关于 c ：我的双重检查锁定模式实现正确吗？

Is my Double-Checked Locking Pattern implementation right?

Meyers 的《Effective Modern C》一书中的一个例子，第 16 条。

in a class caching an expensive-to-compute int, you might try to use a
pair of std::atomic avriables instead of a mutex:

1
2
3
4
5
6
7
8
9
10
11
12
13
14
15
16
17
18

class Widget {
public:
int magicValue() const {
if (cachedValid) {
return cachedValue;
} else {
auto val1 = expensiveComputation1();
auto val2 = expensiveComputation2();

cachedValue = va1 + val2;
cacheValid = true;
return cachedValue;
}
}
private:
mutable std::atomic<bool> cacheValid { false };
mutable std::atomic<int> cachedValue;
};

This will work, but sometimes it will work a lot harder than it
should.Consider: A thread calls Widget::magicValue, sees cacheValid as
false, performs the two expensive computations, and assigns their sum
to cachedValud.
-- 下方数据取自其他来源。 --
(* Let $A,B$ be elementary algebras. The vector space $A\otimes_k B$ with the bilinear multiplication determined by $$(a\otimes b)\cdot(a'\otimes b')=aa'\otimes b_1b'+aa'_1\otimes b_2b'=aa'\otimes bb'-aa'_2\otimes b_2b'\qquad(a,a'\in A,\ b,b'\in B)$$ is an associative unital $k$-algebra (with unit $1\otimes 1$).
   Context: $k$ is a field; algebras are finite-dimensional associative unital $k$-algebras. An algebra is elementary if all its simple modules are one-dimensional. For an elementary algebra $A$, $\mathrm{rad}(A)$ is its Jacobson radical and $\bar A$ is a fixed subalgebra of $A$ with $A=\bar A\oplus\mathrm{rad}(A)$ as vector spaces (so $\bar A\cong A/\mathrm{rad}(A)$ is a product of copies of $k$; e.g. the span of the trivial paths when $A$ is given by a quiver with relations). For $a\in A$ write $a=a_1+a_2$ with $a_1\in\bar A$, $a_2\in\mathrm{rad}(A)$; similarly $b=b_1+b_2$ for $b\in B$. This algebra is called the trivially twisted tensor product and denoted $A\otimes_0 B$. *)

theory Defs
  imports Main "HOL.Vector_Spaces"
begin

definition k_algebra :: "('k::field \<Rightarrow> 'a::ring_1 \<Rightarrow> 'a) \<Rightarrow> bool" where
  "k_algebra s \<longleftrightarrow> vector_space s \<and>
     (\<forall>c x y. s c (x * y) = s c x * y \<and> s c (x * y) = x * s c y)"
At that point, a second thread calss
Widget::magicValue, also sees cacheValid as false, and thus carries
out the same expensive computations that the first thread has just
finished.

然后他给出了一个使用互斥锁的解决方案：

1
2
3
4
5
6
7
8
9
10
11
12
13
14
15
16
17
18
19
20

class Widget {
public:
int magicValue() const {
std::lock_guard<std::mutex> guard(m);
if (cacheValid) {
return cachedValue;
} else {
auto val1 = expensiveComputation1();
auto val2 = expensiveComputation2();

cachedValue = va1 + val2;
cacheValid = true;
return cachedValue;
}
}
private:
mutable std::mutex m;
mutable bool cacheValid { false };
mutable int cachedValue;
};

但我认为解决方案不是那么有效，我考虑将互斥锁和原子结合起来组成一个双重检查锁定模式，如下所示。

1
2
3
4
5
6
7
8
9
10
11
12
13
14
15
16
17
18
19
20

class Widget {
public:
int magicValue() const {
if (!cacheValid) {
std::lock_guard<std::mutex> guard(m);
if (!cacheValid) {
auto val1 = expensiveComputation1();
auto val2 = expensiveComputation2();

cachedValue = va1 + val2;
cacheValid = true;
}
}
return cachedValue;
}
private:
mutable std::mutex m;
mutable std::atomic<bool> cacheValid { false };
mutable std::atomic<int> cachedValue;
};

因为我是多线程编程的新手，所以想了解一下：

我的代码对吗？
它的性能更好吗？

编辑：

修复了代码。if (!cachedValue) -> if (!cacheValid)

相关讨论

原则上，是的，你是对的。但是，如果我们假设计算花费的时间比设置原子要长得多，那么您的场景的可能性非常低，并且使用原子可以避免昂贵的互斥锁。
我认为您的方法是正确的，并且比前两种方法更好。它只是解释了双重检查锁定模式。
我认为这是不正确的，如果第二个线程在第一个线程评估之后但在防护实例化之前评估 cacheValid。我认为影响可能与第一个例子相同。
如果不查看如何将 cachedValue 设置为 false，就很难判断您的代码是否合法/安全。
@Lingxi 我刚刚修复了代码，
@DavidSchwartz mutable std::atomic<bool> cacheValid { false };。 magicValue 只能在构造对象上调用。为此， cacheValid 必须在此之前已经初始化为 false 。
@HappyCactus 我已经修复了类型错误，抱歉误导
@prehistoricpenguin：cachedValid 变量实际上具有名称 cacheValid。请在您提供的所有代码中修复此问题(甚至在本书的片段中)。
@Tsyvarev 已修复，谢谢

正如HappyCactus所指出的，第二个检查if (!cachedValue)实际上应该是if (!cachedValid)。除了这个错字，我认为您对双重检查锁定模式的演示是正确的。但是，我认为没有必要在 cachedValue 上使用 std::atomic。 cachedValue 写入的唯一位置是 cachedValue = va1 + val2;。在完成之前，没有线程会到达语句 return cachedValue;，这是读取 cachedValue 的唯一位置。因此，写入和读取不可能同时进行。而且并发读取也没有问题。

相关讨论

使其原子化是必要的：cs.umd.edu/~pugh/java/memoryModel/DoubleCheckedLocking.html。由于标志是原子的，它的写入可以跨处理器同步，而非原子值则不是。所以你可以看到 cacheValid = true 但是 cacheValue = /* 在这个处理器上未初始化 */
@BillyONeal 不。 cacheValid 上使用的内存顺序语义是 memory_order_seq_cst。它建立所需的同步关系。当 cacheValid 被读取 true 时，对 cacheValue 的修改也必须在同一处理器上看到。这实际上就是为什么可以使用原子来订购非原子的原因。

Is my code right?

是的。您应用的双重检查锁定模式是正确的。但请参阅下面的一些改进。

Does it performance better ?

与完全锁定的变体(您的帖子中的第二个)相比，它的性能大多更好，直到 magicValue() 只被调用一次(但即使在这种情况下，性能损失也可以忽略不计)。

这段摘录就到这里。